Scientists are developing a method to create blood vessels from human cells using small ice sculptures. These miniature 3D structures resemble real arteries by branching and twisting. They work as temporary scaffolds that get melted away and replaced by living cells later.
To demonstrate the first stage of the blood-vessel-building process, the researchers utilized a 3D “ice printing” technique to create scaffolds. The scaffolds were then covered in a gel containing human cells, which the team grew for two weeks.
The ice printing technique has the potential to produce realistic, lab-grown blood vessels from human cells that replicate the intricate geometries of actual vascular networks in the body. Feimo Yang, a doctoral candidate in mechanical engineering at Carnegie Mellon University, stated that this technique could be used in the future for creating such blood vessels.
“Currently, this is more of a proof of concept,” Yang said, but with development, this technique might be useful for fabricating blood vessels that could be transplanted into a person when they need an artery or vein repaired, replaced or bypassed.
Doctors currently extract blood vessels for transplant from other parts of a patient’s body or from a donor. However, artificial blood vessels made from synthetic polymers or natural materials such as proteins may also be used. Despite this, these artificial blood vessels are not identical to real ones and may fail because they are non-living.
In contrast, ice printing could help create more realistic structures using real human cells. This technique could also be useful for crafting organ-on-a-chip devices, which use fluids to sustain cell growth through tiny channels. These devices act as miniature models of organs in the human body.

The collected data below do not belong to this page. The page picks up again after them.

(* Let $A$ be a von Neumann algebra such that $\mathcal V(A)$ satisfies the descending chain condition: every chain $\cdots\subseteq C_3\subseteq C_2\subseteq C_1$ in $\mathcal V(A)$ stabilizes. Then the topological space $\Sigma^\ast$ is sober (every nonempty irreducible closed subset is the closure of a unique point). In particular, $\Sigma^\ast$ is sober whenever $A$ is finite-dimensional.
   Context: Let $A$ be a von Neumann algebra. $\mathcal{V}(A)$ denotes the set of abelian von Neumann subalgebras $C\subseteq A$ containing the unit of $A$, partially ordered by inclusion. For $C\in\mathcal V(A)$, $\Sigma_C$ denotes the Gelfand spectrum of $C$, with restriction maps $\lambda\mapsto\lambda|_D$ for $D\subseteq C$. Let $\Sigma=\{(C,\lambda)\mid C\in\mathcal V(A),\lambda\in\Sigma_C\}$ and $U_C=\{\lambda\mid(C,\lambda)\in U\}$ for $U\subseteq\Sigma$. The space $\Sigma^\ast$ is $\Sigma$ with the topology in which $U$ is open iff (1) each $U_C$ is open in $\Sigma_C$ and (2) $\lambda\in U_C$, $D\subseteq C$ imply $\lambda|_D\in U_D$. *)

theory Defs
  imports "HOL-Analysis.Analysis"
begin

section \<open>Complex Hilbert spaces (carrier = the whole type 'h)\<close>

record 'h hspace =
  hadd   :: "'h \<Rightarrow> 'h \<Rightarrow> 'h"
  hscale :: "complex \<Rightarrow> 'h \<Rightarrow> 'h"
  hzero  :: "'h"
  hinner :: "'h \<Rightarrow> 'h \<Rightarrow> complex"

definition hnorm :: "'h hspace \<Rightarrow> 'h \<Rightarrow> real" where
  "hnorm H x = sqrt (Re (hinner H x x))"

definition hdiff :: "'h hspace \<Rightarrow> 'h \<Rightarrow> 'h \<Rightarrow> 'h" where
  "hdiff H x y = hadd H x (hscale H (-1) y)"

definition chilbert :: "'h hspace \<Rightarrow> bool" where
  "chilbert H \<longleftrightarrow>
     \<comment> \<open>complex vector space\<close>
     (\<forall>x y z. hadd H (hadd H x y) z = hadd H x (hadd H y z)) \<and>
     (\<forall>x y. hadd H x y = hadd H y x) \<and>
     (\<forall>x. hadd H (hzero H) x = x) \<and>
     (\<forall>x. \<exists>y. hadd H x y = hzero H) \<and>
     (\<forall>a x y. hscale H a (hadd H x y) = hadd H (hscale H a x) (hscale H a y)) \<and>
     (\<forall>a b x. hscale H (a + b) x = hadd H (hscale H a x) (hscale H b x)) \<and>
     (\<forall>a b x. hscale H (a * b) x = hscale H a (hscale H b x)) \<and>
     (\<forall>x. hscale H 1 x = x) \<and>
     \<comment> \<open>inner product (linear in the first, conjugate-linear in the second argument)\<close>
     (\<forall>x y z. hinner H (hadd H x y) z = hinner H x z + hinner H y z) \<and>
     (\<forall>a x y. hinner H (hscale H a x) y = a * hinner H x y) \<and>
     (\<forall>x y. hinner H y x = cnj (hinner H x y)) \<and>
     (\<forall>x. Re (hinner H x x) \<ge> 0) \<and>
     (\<forall>x. hinner H x x = 0 \<longrightarrow> x = hzero H) \<and>
     \<comment> \<open>completeness\<close>
     (\<forall>f :: nat \<Rightarrow> 'h.
        (\<forall>e>0. \<exists>N. \<forall>m\<ge>N. \<forall>n\<ge>N. hnorm H (hdiff H (f m) (f n)) < e) \<longrightarrow>
        (\<exists>x. (\<lambda>n. hnorm H (hdiff H (f n) x)) \<longlonglongrightarrow> 0))"

definition bop :: "'h hspace \<Rightarrow> ('h \<Rightarrow> 'h) set" where
  "bop H = {T. (\<forall>x y. T (hadd H x y) = hadd H (T x) (T y)) \<and>
               (\<forall>a x. T (hscale H a x) = hscale H a (T x)) \<and>
               (\<exists>K. \<forall>x. hnorm H (T x) \<le> K * hnorm H x)}"

definition opadd :: "'h hspace \<Rightarrow> ('h \<Rightarrow> 'h) \<Rightarrow> ('h \<Rightarrow> 'h) \<Rightarrow> ('h \<Rightarrow> 'h)" where
  "opadd H S T = (\<lambda>x. hadd H (S x) (T x))"

definition opscale :: "'h hspace \<Rightarrow> complex \<Rightarrow> ('h \<Rightarrow> 'h) \<Rightarrow> ('h \<Rightarrow> 'h)" where
  "opscale H a T = (\<lambda>x. hscale H a (T x))"

definition adjoint :: "'h hspace \<Rightarrow> ('h \<Rightarrow> 'h) \<Rightarrow> ('h \<Rightarrow> 'h)" where
  "adjoint H T = (THE S. S \<in> bop H \<and> (\<forall>x y. hinner H (T x) y = hinner H x (S y)))"

definition commutant :: "'h hspace \<Rightarrow> ('h \<Rightarrow> 'h) set \<Rightarrow> ('h \<Rightarrow> 'h) set" where
  "commutant H X = {T \<in> bop H. \<forall>S\<in>X. T \<circ> S = S \<circ> T}"

text \<open>A von Neumann algebra on H: a self-adjoint set of bounded operators equal to its
  double commutant (equivalently, a unital WOT-closed *-subalgebra of B(H)).\<close>
definition von_neumann_algebra :: "'h hspace \<Rightarrow> ('h \<Rightarrow> 'h) set \<Rightarrow> bool" where
  "von_neumann_algebra H M \<longleftrightarrow>
     M \<subseteq> bop H \<and> (\<forall>T\<in>M. adjoint H T \<in> M) \<and> commutant H (commutant H M) = M"

definition VA :: "'h hspace \<Rightarrow> ('h \<Rightarrow> 'h) set \<Rightarrow> ('h \<Rightarrow> 'h) set set" where
  "VA H A = {C. C \<subseteq> A \<and> von_neumann_algebra H C \<and> id \<in> C \<and>
                (\<forall>S\<in>C. \<forall>T\<in>C. S \<circ> T = T \<circ> S)}"

inductive_set cspan :: "'h hspace \<Rightarrow> ('h \<Rightarrow> 'h) set \<Rightarrow> ('h \<Rightarrow> 'h) set"
  for H B where
  zero: "(\<lambda>x. hzero H) \<in> cspan H B"
| step: "b \<in> B \<Longrightarrow> T \<in> cspan H B \<Longrightarrow> opadd H (opscale H c b) T \<in> cspan H B"

definition finite_dimensional :: "'h hspace \<Rightarrow> ('h \<Rightarrow> 'h) set \<Rightarrow> bool" where
  "finite_dimensional H A \<longleftrightarrow> (\<exists>B. finite B \<and> B \<subseteq> A \<and> A \<subseteq> cspan H B)"

definition dcc_VA :: "'h hspace \<Rightarrow> ('h \<Rightarrow> 'h) set \<Rightarrow> bool" where
  "dcc_VA H A \<longleftrightarrow>
     (\<forall>Cs :: nat \<Rightarrow> ('h \<Rightarrow> 'h) set.
        (\<forall>n. Cs n \<in> VA H A \<and> Cs (Suc n) \<subseteq> Cs n) \<longrightarrow> (\<exists>N. \<forall>n\<ge>N. Cs n = Cs N))"

text \<open>Characters of C (nonzero multiplicative linear functionals), as extensional
  functions on C; topologised with the weak-* topology (pointwise convergence on C).\<close>
definition gelfand :: "'h hspace \<Rightarrow> ('h \<Rightarrow> 'h) set \<Rightarrow> (('h \<Rightarrow> 'h) \<Rightarrow> complex) set" where
  "gelfand H C = {l \<in> extensional C.
      (\<forall>S\<in>C. \<forall>T\<in>C. l (opadd H S T) = l S + l T) \<and>
      (\<forall>a. \<forall>T\<in>C. l (opscale H a T) = a * l T) \<and>
      (\<forall>S\<in>C. \<forall>T\<in>C. l (S \<circ> T) = l S * l T) \<and>
      l id = 1}"

definition gelfand_top :: "'h hspace \<Rightarrow> ('h \<Rightarrow> 'h) set \<Rightarrow> (('h \<Rightarrow> 'h) \<Rightarrow> complex) topology" where
  "gelfand_top H C = subtopology (product_topology (\<lambda>_. euclidean) C) (gelfand H C)"

definition Sigma_set :: "'h hspace \<Rightarrow> ('h \<Rightarrow> 'h) set
     \<Rightarrow> (('h \<Rightarrow> 'h) set \<times> (('h \<Rightarrow> 'h) \<Rightarrow> complex)) set" where
  "Sigma_set H A = (SIGMA C:VA H A. gelfand H C)"

definition slice :: "('c \<times> 'l) set \<Rightarrow> 'c \<Rightarrow> 'l set" where
  "slice U C = {l. (C, l) \<in> U}"

definition sigma_open :: "'h hspace \<Rightarrow> ('h \<Rightarrow> 'h) set
     \<Rightarrow> (('h \<Rightarrow> 'h) set \<times> (('h \<Rightarrow> 'h) \<Rightarrow> complex)) set \<Rightarrow> bool" where
  "sigma_open H A U \<longleftrightarrow>
     U \<subseteq> Sigma_set H A \<and>
     (\<forall>C\<in>VA H A. openin (gelfand_top H C) (slice U C)) \<and>
     (\<forall>C l D. (C, l) \<in> U \<longrightarrow> D \<in> VA H A \<longrightarrow> D \<subseteq> C \<longrightarrow> (D, restrict l D) \<in> U)"

lemma sigma_openI:
  assumes "U \<subseteq> Sigma_set H A"
    and "\<And>C. C \<in> VA H A \<Longrightarrow> openin (gelfand_top H C) (slice U C)"
    and "\<And>C l D. (C, l) \<in> U \<Longrightarrow> D \<in> VA H A \<Longrightarrow> D \<subseteq> C \<Longrightarrow> (D, restrict l D) \<in> U"
  shows "sigma_open H A U"
  unfolding sigma_open_def
  by (intro conjI ballI allI impI assms(1)) (simp_all add: assms(2,3))

lemma sigma_openD:
  assumes "sigma_open H A U"
  shows "U \<subseteq> Sigma_set H A"
    and "\<And>C. C \<in> VA H A \<Longrightarrow> openin (gelfand_top H C) (slice U C)"
    and "\<And>C l D. (C, l) \<in> U \<Longrightarrow> D \<in> VA H A \<Longrightarrow> D \<subseteq> C \<Longrightarrow> (D, restrict l D) \<in> U"
  using assms unfolding sigma_open_def by simp_all

lemma istopology_sigma_open: "istopology (sigma_open H A)"
  unfolding istopology_def
proof (intro conjI allI impI)
  fix S T assume S: "sigma_open H A S" and T: "sigma_open H A T"
  show "sigma_open H A (S \<inter> T)"
  proof (rule sigma_openI)
    show "S \<inter> T \<subseteq> Sigma_set H A" using sigma_openD(1)[OF S] by fast
  next
    fix C assume C: "C \<in> VA H A"
    have e: "slice (S \<inter> T) C = slice S C \<inter> slice T C" by (auto simp: slice_def)
    show "openin (gelfand_top H C) (slice (S \<inter> T) C)"
      unfolding e by (rule openin_Int[OF sigma_openD(2)[OF S C] sigma_openD(2)[OF T C]])
  next
    fix C l D assume "(C, l) \<in> S \<inter> T" "D \<in> VA H A" "D \<subseteq> C"
    then show "(D, restrict l D) \<in> S \<inter> T"
      using sigma_openD(3)[OF S] sigma_openD(3)[OF T] by fast
  qed
next
  fix K assume K: "\<forall>S\<in>K. sigma_open H A S"
  show "sigma_open H A (\<Union>K)"
  proof (rule sigma_openI)
    show "\<Union>K \<subseteq> Sigma_set H A" using K sigma_openD(1) by fast
  next
    fix C assume C: "C \<in> VA H A"
    have e: "slice (\<Union>K) C = \<Union> ((\<lambda>S. slice S C) ` K)" by (auto simp: slice_def)
    show "openin (gelfand_top H C) (slice (\<Union>K) C)"
      unfolding e by (rule openin_Union) (use K sigma_openD(2)[OF _ C] in fast)
  next
    fix C l D assume "(C, l) \<in> \<Union>K" "D \<in> VA H A" "D \<subseteq> C"
    then show "(D, restrict l D) \<in> \<Union>K"
      using K sigma_openD(3) by fast
  qed
qed
(* Let $G$ be a connected graph on $n$ vertices and let $k$ be an integer with $2\le k\le \operatorname{diam}(G)$. Then \[ b(G^k)\le \left\lceil \sqrt{\frac{4(k-1)}{k^2}\,n}\;\right\rceil. \]
   Context: Graphs are finite, simple, undirected. $G^k$ is the graph on $V(G)$ in which distinct $u,v$ are adjacent iff $d_G(u,v)\le k$. Graph burning: in each round $i$ a vertex (source) is chosen and burned, and simultaneously every unburned neighbour of a vertex burned by the end of round $i-1$ becomes burned; burned vertices stay burned. The burning number $b(G)$ is the minimum number of rounds needed to burn all vertices. *)

theory Defs
  imports Complex_Main
begin

definition simple_graph :: "'a set \<Rightarrow> ('a \<Rightarrow> 'a \<Rightarrow> bool) \<Rightarrow> bool" where
  "simple_graph V E \<longleftrightarrow> finite V \<and> (\<forall>u v. E u v \<longrightarrow> u \<in> V \<and> v \<in> V)
     \<and> (\<forall>u v. E u v \<longrightarrow> E v u) \<and> (\<forall>u. \<not> E u u)"

definition edge_rel :: "('a \<Rightarrow> 'a \<Rightarrow> bool) \<Rightarrow> ('a \<times> 'a) set" where
  "edge_rel E = {(u, v). E u v}"

definition connected_graph :: "'a set \<Rightarrow> ('a \<Rightarrow> 'a \<Rightarrow> bool) \<Rightarrow> bool" where
  "connected_graph V E \<longleftrightarrow> (\<forall>u\<in>V. \<forall>v\<in>V. (u, v) \<in> (edge_rel E)\<^sup>*)"

definition gdist :: "('a \<Rightarrow> 'a \<Rightarrow> bool) \<Rightarrow> 'a \<Rightarrow> 'a \<Rightarrow> nat" where
  "gdist E u v = (LEAST d. (u, v) \<in> edge_rel E ^^ d)"

definition diam :: "'a set \<Rightarrow> ('a \<Rightarrow> 'a \<Rightarrow> bool) \<Rightarrow> nat" where
  "diam V E = Max {gdist E u v | u v. u \<in> V \<and> v \<in> V}"

definition graph_power :: "'a set \<Rightarrow> ('a \<Rightarrow> 'a \<Rightarrow> bool) \<Rightarrow> nat \<Rightarrow> 'a \<Rightarrow> 'a \<Rightarrow> bool" where
  "graph_power V E k u v \<longleftrightarrow> u \<in> V \<and> v \<in> V \<and> u \<noteq> v \<and> gdist E u v \<le> k"

text \<open>Burning process: xs ! i is the source chosen in round i+1.
  burned V E xs i is the set of vertices burned by the end of round i.\<close>
fun burned :: "'a set \<Rightarrow> ('a \<Rightarrow> 'a \<Rightarrow> bool) \<Rightarrow> 'a list \<Rightarrow> nat \<Rightarrow> 'a set" where
  "burned V E xs 0 = {}"
| "burned V E xs (Suc i) =
     burned V E xs i \<union> {v \<in> V. \<exists>u \<in> burned V E xs i. E u v} \<union> {xs ! i}"

definition burns_in :: "'a set \<Rightarrow> ('a \<Rightarrow> 'a \<Rightarrow> bool) \<Rightarrow> nat \<Rightarrow> bool" where
  "burns_in V E m \<longleftrightarrow> (\<exists>xs. length xs = m \<and> set xs \<subseteq> V \<and> V \<subseteq> burned V E xs m)"

definition burning_number :: "'a set \<Rightarrow> ('a \<Rightarrow> 'a \<Rightarrow> bool) \<Rightarrow> nat" where
  "burning_number V E = (LEAST m. burns_in V E m)"

end

theory Submission
  imports Defs
begin

text \<open>Fix a BFS tree of G rooted at some vertex r. Take a deepest vertex x, walk k t steps up to
its ancestor y, light y, and delete the subtree of y: every deleted vertex is within distance k t
of y, and unless the whole remaining set was deleted, the k t + 1 vertices on the path from x to y
were. Doing this for t = m - 1, ..., 0 burns G^k in m rounds as soon as
n \<le> \<Sum>i<m. (k i + 1), and m = \<lceil>sqrt (4 (k - 1) n / k^2)\<rceil> satisfies this inequality provided
n > k, which holds because G has two vertices at distance diam G \<ge> k.\<close>

lemma gdist_le_relpow: "(u, v) \<in> edge_rel E ^^ d \<Longrightarrow> gdist E u v \<le> d"
  unfolding gdist_def by (rule Least_le)

lemma gdist_self [simp]: "gdist E u u = 0"
  using gdist_le_relpow[of u u 0 E] by simp

lemma gdist_edge_le_1: "E u v \<Longrightarrow> gdist E u v \<le> 1"
  using gdist_le_relpow[of u v 1 E] by (simp add: edge_rel_def)

text \<open>Source ys ! j is lit in round j + 1, so in G^k its fire has spread over the G-ball of
radius k * (length ys - 1 - j) by the end of round length ys.\<close>
definition shrinking_ball_cover :: "('a \<Rightarrow> 'a \<Rightarrow> bool) \<Rightarrow> nat \<Rightarrow> 'a list \<Rightarrow> 'a set \<Rightarrow> bool" where
  "shrinking_ball_cover E k ys R \<longleftrightarrow>
     (\<forall>v\<in>R. \<exists>j<length ys. gdist E (ys ! j) v \<le> k * (length ys - 1 - j))"
lemma DF_eqI:
  fixes v :: "real^'n"
  assumes "v \<in> nonneg_orthant"
    and deriv: "((\<lambda>x. - x + pifun a x) has_derivative D) (at v within nonneg_orthant)"
  shows "DF a v = D"
proof -
  have "(\<lambda>x. - x + pifun a x) differentiable (at v within nonneg_orthant)"
    using deriv by (rule differentiableI)
  then have "((\<lambda>x. - x + pifun a x) has_derivative DF a v) (at v within nonneg_orthant)"
    unfolding frechet_derivative_works DF_def nonneg_orthant_def .
  then show ?thesis
  proof (rule frechet_derivative_unique_within[OF _ deriv])
    fix b :: "real^'n" and e :: real
    assume "b \<in> Basis" and "e > 0"
    then obtain j where "b = axis j 1"
      unfolding Basis_vec_def by auto
    with assms(1) \<open>e > 0\<close> show "\<exists>d. 0 < \<bar>d\<bar> \<and> \<bar>d\<bar> < e \<and> v + d *\<^sub>R b \<in> nonneg_orthant"
      by (intro exI[of _ "e / 2"]) (auto simp: nonneg_orthant_def axis_def)
  qed
qed

lemma inner_vec_supported:
  fixes x y :: "real^'n"
  assumes "\<And>j. j \<notin> I \<Longrightarrow> x $ j = 0"
  shows "x \<bullet> y = (\<Sum>j\<in>I. x $ j * y $ j)"
  unfolding inner_vec_def inner_real_def using assms
  by (intro sum.mono_neutral_right) auto

lemma face_center_in_Simplex:
  assumes "card I \<ge> 2"
  shows "face_center I \<in> Simplex"
proof -
  have "card I \<noteq> 0"
    using assms by auto
  then have "(\<Sum>i\<in>UNIV. face_center I $ i) = 1"
    by (simp add: face_center_def sum.If_cases)
  moreover have "1 / real (card I) \<le> 3 / 4"
    using assms by (auto simp: divide_le_eq)
  ultimately show ?thesis
    by (simp add: Simplex_def face_center_def)
qed
theorem mainTheorem7:
  fixes M :: "'s measure"
    and A :: "real^'n^'m"
    and \<sigma>x :: real
    and Cez Cey :: "real^'m^'m"
    and eybar :: "real^'m"
    and x :: "'s \<Rightarrow> real^'n"
    and ez ey :: "'s \<Rightarrow> real^'m"
  assumes P: "prob_space M"
    and gx: "gaussian_vec M x 0 (\<sigma>x^2 *\<^sub>R mat 1)"
    and gez: "gaussian_vec M ez 0 Cez"
    and gey: "gaussian_vec M ey eybar Cey"
    and ind: "indep3 M x ez ey"
  defines "y \<equiv> (\<lambda>\<omega>. \<chi> m. ((A *v x \<omega> + ez \<omega>) $ m)^2 + ey \<omega> $ m)"
    and "Cz \<equiv> \<sigma>x^2 *\<^sub>R (A ** transpose A) + Cez"
  defines "ybar \<equiv> (\<chi> m. Cz $ m $ m) + eybar"
    and "T \<equiv> (\<chi> m m'. 2 * (Cz $ m $ m' * Cz $ m $ m')) + Cey"
  defines "t \<equiv> (\<lambda>\<omega>. matrix_inv T *v (y \<omega> - ybar))"
    and "V \<equiv> (\<lambda>m. (2 * \<sigma>x^4) *\<^sub>R outer (A $ m) (A $ m))"
  defines "D \<equiv> (\<lambda>\<omega>. \<sigma>x^2 *\<^sub>R mat 1 + (\<Sum>m\<in>UNIV. t \<omega> $ m *\<^sub>R V m))"
    and "mse \<equiv> (\<lambda>E :: 's \<Rightarrow> real^'n^'n.
                 prob_space.expectation M (\<lambda>\<omega>. frob_sq (E \<omega> - outer (x \<omega>) (x \<omega>))))"
  assumes Tinv: "invertible T"
  shows "(\<exists>W0 W. \<forall>\<omega>. D \<omega> = W0 + (\<Sum>m\<in>UNIV. y \<omega> $ m *\<^sub>R W m))
         \<and> (\<forall>(W0 :: real^'n^'n) (W :: 'm \<Rightarrow> real^'n^'n).
               mse D \<le> mse (\<lambda>\<omega>. W0 + (\<Sum>m\<in>UNIV. y \<omega> $ m *\<^sub>R W m))
             \<and> (mse (\<lambda>\<omega>. W0 + (\<Sum>m\<in>UNIV. y \<omega> $ m *\<^sub>R W m)) = mse D
                  \<longrightarrow> (AE \<omega> in M. W0 + (\<Sum>m\<in>UNIV. y \<omega> $ m *\<^sub>R W m) = D \<omega>)))
         \<and> mse D = prob_space.expectation M
                      (\<lambda>\<omega>. frob_sq (outer (x \<omega>) (x \<omega>) - \<sigma>x^2 *\<^sub>R mat 1))
                    - (\<Sum>m\<in>UNIV. \<Sum>m'\<in>UNIV. matrix_inv T $ m $ m' * trace (transpose (V m) ** V m'))"
proof -
  interpret Q: quadratic_observation_model M \<sigma>x Cez Cey eybar x ez ey A
    using P gx gez gey ind
    by (simp add: quadratic_observation_model_def gaussian_observation_model_def
        gaussian_observation_model_axioms_def)
  have model: "y = Q.obs" "ybar = Q.obs_mean" "T = Q.obs_cov" "V = Q.cross_cov"
    unfolding y_def ybar_def T_def V_def Cz_def Q.obs_def Q.obs_mean_def Q.obs_cov_def Q.cross_cov_def Q.Cz_def
    by simp_all
  interpret O: second_order_observation M y ybar T
    using Q.second_order_observation_obs Tinv unfolding model by blast
  have target: "O.target_moments (\<lambda>\<omega>. outer (x \<omega>) (x \<omega>) $ i $ j) ((\<sigma>x\<^sup>2 *\<^sub>R mat 1) $ i $ j) (\<lambda>m. V m $ i $ j)"
    for i j
    unfolding O.target_moments_def using Q.outer_x_moments by (simp add: model)
  have D: "D = O.lmmse_matrix (\<sigma>x\<^sup>2 *\<^sub>R mat 1) V"
    unfolding D_def t_def O.lmmse_matrix_def ..
  show ?thesis
    unfolding mse_def D
    using O.lmmse_matrix_affine O.mse_lmmse_matrix_le[OF target] O.mse_eq_lmmse_matrix_imp_AE_eq[OF target]
      O.mse_lmmse_matrix[OF target]
    by (simp add: O.affine_matrix_estimator_def fun_eq_iff)
qed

A team of researchers will present their new work at the 68th Biophysical Society Annual Meeting being held from Feb. 10 to 14 in Philadelphia. The work is based on a printing technique called 3D-ICE, first described in a 2022 paper in the journal Advanced Science.
The printer uses water as its “ink” and drips drops of water onto a cold copper surface kept at minus 31 degrees Fahrenheit (minus 35 degrees Celsius). Each successive drop adds to the growing ice sculpture by quickly freezing when it strikes the surface. The printer spits out about 200 drops of water per second, which is slow enough to enable one water drop to freeze before the next one hits. If the drops fell too fast, they would merge into each other and spread out before freezing.
The drops are about 50 micrometers in diameter, enabling the creation of micron-level details in resulting structures. The printing technique is also fast, taking only about 20 seconds to print structures that stand about 0.1 inch (3 millimeters) tall and 0.008 inch (0.2 mm) in diameter.
Unlike other ice printing techniques, 3D-ICE can create smooth, free-flowing shapes that resemble those found in the human circulatory system. After creating a sculpture with their ice printer, the researchers coated it in a gelatin-based material. The use of “heavy water” allows the ice to stay frozen above-freezing temperatures, which enables the researchers to work with the gel while the ice remains frozen.
Using ultraviolet light, they melted the ice away and hardened the gel, leaving smooth channels that resemble blood vessels. The team then added endothelial cells, which line blood vessels, to the gel and demonstrated that they could grow the cells for two weeks. In future work, they will experiment with growing the cells for longer periods.
While it will be some time before 3D-ICE could be used to craft blood vessels destined for a human patient’s body, “hopefully, we’ll be able to expand the use of this technology,” Yang said.